A key Japanese economic policy panel has urged the Japanese government to cut the rate of corporate tax and relax foreign investment restrictions to prevent a slide in the nation's business competitiveness.

In its recently completed report on the Japanese investment environment, the panel noted that Japan's corporate tax, at almost 40%, remains the highest in the thirty-member Organisation for Economic Cooperation and Development (OECD), and stands as a major hurdle to investment.

The report, which was due to be submitted to the government on Tuesday, also implored the government to remove legal and tax barriers that prevent higher levels of foreign investment in Japan, for example by clarifying and simplifying M&A rules.

Current law allows domestic firms to adopt defensive measures such as a so-called "poison pill" to prevent foreign takeovers.

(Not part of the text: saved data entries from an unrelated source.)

lemma S3_Suc_edge_at_bridge_end:
  assumes "S3 (Suc n) x (i # replicate n l)" and "x \<noteq> l # replicate n i" and "1 \<le> n"
  shows "\<exists>x'. x = i # x' \<and> S3 n x' (replicate n l)"
  using assms(1)
proof (cases rule: S3_SucE)
  case (bridge k l')
  then show ?thesis
    using assms(2,3) by (auto simp: K3_adj_def)
qed auto

lemma conflict_path_S3_SucE [consumes 2]:
  assumes path: "conflict_path (S3 (Suc n)) x y z u" and n: "2 \<le> n"
  obtains (copy) i x' y' z' u' where "x = i # x'" "y = i # y'" "z = i # z'" "u = i # u'"
      "i \<in> {0, 1, 2}" "conflict_path (S3 n) x' y' z' u'"
  | (into_bridge) i l x' y' where "x = i # x'" "y = i # y'" "z = i # replicate n l" "u = l # replicate n i"
      "K3_adj i l" "S3 n x' y'" "S3 n y' (replicate n l)" "x' \<noteq> replicate n l"
  | (out_of_bridge) i l z' u' where "u = i # u'" "z = i # z'" "y = i # replicate n l" "x = l # replicate n i"
      "K3_adj i l" "S3 n u' z'" "S3 n z' (replicate n l)" "u' \<noteq> replicate n l"
  | (across_bridge) i l x' u' where "x = i # x'" "y = i # replicate n l" "z = l # replicate n i" "u = l # u'"
      "K3_adj i l" "S3 n x' (replicate n l)" "S3 n (replicate n i) u'"
proof -
  from path have xy: "S3 (Suc n) x y" and yz: "S3 (Suc n) y z" and zu: "S3 (Suc n) z u"
    and ne: "x \<noteq> y" "y \<noteq> z" "x \<noteq> z" "u \<noteq> y" "u \<noteq> z"
    unfolding conflict_path_def by auto
  have no_bridge_pair: "\<not> S3 n (replicate n j) (replicate n k)" for j k
    using n by (rule not_S3_replicate_replicate)
  have K3_sym: "K3_adj i l \<Longrightarrow> K3_adj l i" for i l
    by (auto simp: K3_adj_def)
  from yz show thesis
  proof (cases rule: S3_SucE)
    case (copy i y' z')
    from xy show thesis
    proof (cases rule: S3_SucE)
      case xy_copy: (copy i' x' y'')
      then have x: "x = i # x'" "S3 n x' y'"
        using copy by auto
      from zu show thesis
      proof (cases rule: S3_SucE)
        case zu_copy: (copy i'' z'' u')
        then have "u = i # u'" "S3 n z' u'"
          using copy by auto
        with x copy ne show thesis
          by (intro that(1)[of i x' y' z' u']) (auto simp: conflict_path_def)
      next
        case zu_bridge: (bridge k l)
        then have "z = i # replicate n l" "u = l # replicate n i" "K3_adj i l"
          using copy by auto
        with x copy ne show thesis
          by (intro that(2)[of i x' y' l]) auto
      qed
    next
      case xy_bridge: (bridge k l)
      then have x: "x = k # replicate n i" "y' = replicate n k" "K3_adj i k"
        using copy K3_sym by auto
      from zu show thesis
      proof (cases rule: S3_SucE)
        case zu_copy: (copy i'' z'' u')
        then have "u = i # u'" "S3 n u' z'"
          using copy S3_sym by auto
        with x copy ne S3_sym show thesis
          by (intro that(3)[of i u' z' k]) auto
      next
        case zu_bridge: (bridge k' l')
        then show thesis
          using copy x no_bridge_pair by auto
      qed
    qed
  next
    case (bridge i l)
    have "\<exists>x'. x = i # x' \<and> S3 n x' (replicate n l)"
      using xy ne bridge n by (intro S3_Suc_edge_at_bridge_end) auto
    moreover have "\<exists>u'. u = l # u' \<and> S3 n u' (replicate n i)"
      using zu ne bridge n S3_sym by (intro S3_Suc_edge_at_bridge_end) auto
    ultimately show thesis
      using that(4) bridge S3_sym by blast
  qed
qed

This tactic was recently upheld by the Japanese Supreme Court in the case of sauce maker Bull-Dog, which was the subject of a takeover bid from US hedge fund Steel Partners.

The report also highlighted laws which prevent foreign investment in certain enterprises on grounds of national defence as damaging to interests of the economy. Such laws were recently invoked when the British hedge fund The Children's Investment Fund Management (TCI) recently attempted to double its stake in Electric Power Development Co. (also known as J-Power).

According to data compiled by the OECD, Japan lags way behind its major competitors in terms of attracting foreign investment, with FDI accounting for just 3% of its GDP last year, compared with almost 45% in the UK, 33% in France and 13.5% in the US at the end of 2006.

The Japanese government is aiming to boost FDI as a percentage of the economy to 5% by the end of 2010, and has charged the council, which was launched in January, with studying ways in which foreign investment can be boosted.

The panel's chairman, Haruo Shimada, the president of Chiba University of Commerce near Tokyo, believes that some of the proposals could be incorporated in the government's next set of annual policy guidelines, due to be compiled next month.

But with the government heavily in debt and looking at ways to raise rather than cut revenues, it remains doubtful that a cut in corporate tax will feature highly on its agenda.